■ Try it
In the entries that follow, find every line containing "metis" and copy it.

Records for the exercise below:

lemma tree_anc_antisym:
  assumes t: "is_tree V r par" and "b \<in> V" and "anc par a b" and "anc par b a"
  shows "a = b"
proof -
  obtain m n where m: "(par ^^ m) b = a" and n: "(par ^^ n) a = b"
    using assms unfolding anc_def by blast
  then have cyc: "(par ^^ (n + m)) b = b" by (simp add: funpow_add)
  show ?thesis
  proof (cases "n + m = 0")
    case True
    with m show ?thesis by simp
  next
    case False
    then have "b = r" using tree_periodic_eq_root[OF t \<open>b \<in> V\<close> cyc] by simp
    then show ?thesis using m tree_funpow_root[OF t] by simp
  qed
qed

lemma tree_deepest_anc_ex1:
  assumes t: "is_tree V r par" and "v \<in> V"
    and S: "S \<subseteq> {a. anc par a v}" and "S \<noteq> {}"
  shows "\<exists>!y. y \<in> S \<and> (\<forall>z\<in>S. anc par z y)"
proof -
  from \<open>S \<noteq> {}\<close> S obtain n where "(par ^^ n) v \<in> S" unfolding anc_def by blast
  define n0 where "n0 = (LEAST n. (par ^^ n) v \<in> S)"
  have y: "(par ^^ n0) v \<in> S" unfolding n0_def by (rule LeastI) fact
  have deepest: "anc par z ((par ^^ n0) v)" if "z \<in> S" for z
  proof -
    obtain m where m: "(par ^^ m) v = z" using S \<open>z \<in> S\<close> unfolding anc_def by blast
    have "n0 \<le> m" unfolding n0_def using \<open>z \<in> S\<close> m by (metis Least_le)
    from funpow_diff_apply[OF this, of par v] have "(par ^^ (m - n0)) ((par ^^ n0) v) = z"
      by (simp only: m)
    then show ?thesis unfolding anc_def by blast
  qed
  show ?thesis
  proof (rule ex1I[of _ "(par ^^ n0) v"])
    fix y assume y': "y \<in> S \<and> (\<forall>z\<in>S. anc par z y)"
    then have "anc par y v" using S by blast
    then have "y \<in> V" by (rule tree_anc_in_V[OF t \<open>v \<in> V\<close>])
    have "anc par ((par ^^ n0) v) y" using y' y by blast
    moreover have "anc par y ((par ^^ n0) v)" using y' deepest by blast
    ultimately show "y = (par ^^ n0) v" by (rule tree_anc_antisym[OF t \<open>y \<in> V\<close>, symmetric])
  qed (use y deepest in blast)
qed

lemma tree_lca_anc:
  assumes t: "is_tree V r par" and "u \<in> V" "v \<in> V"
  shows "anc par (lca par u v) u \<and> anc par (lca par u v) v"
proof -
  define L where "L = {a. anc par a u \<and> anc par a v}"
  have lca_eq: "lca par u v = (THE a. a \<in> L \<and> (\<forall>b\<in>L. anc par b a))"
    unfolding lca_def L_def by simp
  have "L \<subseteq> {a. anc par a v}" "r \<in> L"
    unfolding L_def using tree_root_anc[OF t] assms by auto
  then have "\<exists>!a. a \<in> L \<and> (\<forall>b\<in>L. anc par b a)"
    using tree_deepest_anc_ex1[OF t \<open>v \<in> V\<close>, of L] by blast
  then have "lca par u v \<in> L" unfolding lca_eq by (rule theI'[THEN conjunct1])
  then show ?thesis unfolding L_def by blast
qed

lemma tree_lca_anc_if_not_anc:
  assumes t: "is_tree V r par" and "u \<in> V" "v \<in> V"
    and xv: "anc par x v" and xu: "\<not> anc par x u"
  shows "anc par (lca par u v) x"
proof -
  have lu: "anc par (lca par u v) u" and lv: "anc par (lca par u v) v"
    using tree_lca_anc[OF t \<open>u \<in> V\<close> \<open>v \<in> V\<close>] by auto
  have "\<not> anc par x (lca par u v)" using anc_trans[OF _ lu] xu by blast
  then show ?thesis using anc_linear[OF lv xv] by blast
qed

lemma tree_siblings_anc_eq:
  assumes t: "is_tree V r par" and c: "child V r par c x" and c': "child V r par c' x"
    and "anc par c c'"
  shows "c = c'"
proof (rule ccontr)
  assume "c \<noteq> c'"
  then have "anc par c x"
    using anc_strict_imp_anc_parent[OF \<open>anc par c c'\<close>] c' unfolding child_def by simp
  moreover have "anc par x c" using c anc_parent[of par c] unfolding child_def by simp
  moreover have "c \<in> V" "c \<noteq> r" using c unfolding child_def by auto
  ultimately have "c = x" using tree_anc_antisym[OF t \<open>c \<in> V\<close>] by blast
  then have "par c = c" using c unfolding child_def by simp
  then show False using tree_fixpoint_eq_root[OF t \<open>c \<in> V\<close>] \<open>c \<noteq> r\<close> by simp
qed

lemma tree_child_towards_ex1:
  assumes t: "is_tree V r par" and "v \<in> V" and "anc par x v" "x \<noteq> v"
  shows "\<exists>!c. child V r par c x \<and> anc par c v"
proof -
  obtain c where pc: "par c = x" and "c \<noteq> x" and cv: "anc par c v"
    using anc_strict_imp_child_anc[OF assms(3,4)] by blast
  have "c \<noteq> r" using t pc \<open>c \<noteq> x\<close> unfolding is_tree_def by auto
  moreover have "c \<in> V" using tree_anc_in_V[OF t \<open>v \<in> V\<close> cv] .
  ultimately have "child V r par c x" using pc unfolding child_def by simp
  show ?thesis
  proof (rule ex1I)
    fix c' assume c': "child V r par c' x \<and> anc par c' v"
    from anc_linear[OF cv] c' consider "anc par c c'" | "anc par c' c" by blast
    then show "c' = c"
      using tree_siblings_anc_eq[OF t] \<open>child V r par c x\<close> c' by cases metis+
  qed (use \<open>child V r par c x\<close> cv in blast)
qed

End of Records for the exercise.

■ Task response
    have "n0 \<le> m" unfolding n0_def using \<open>z \<in> S\<close> m by (metis Least_le)
      using tree_siblings_anc_eq[OF t] \<open>child V r par c x\<close> c' by cases metis+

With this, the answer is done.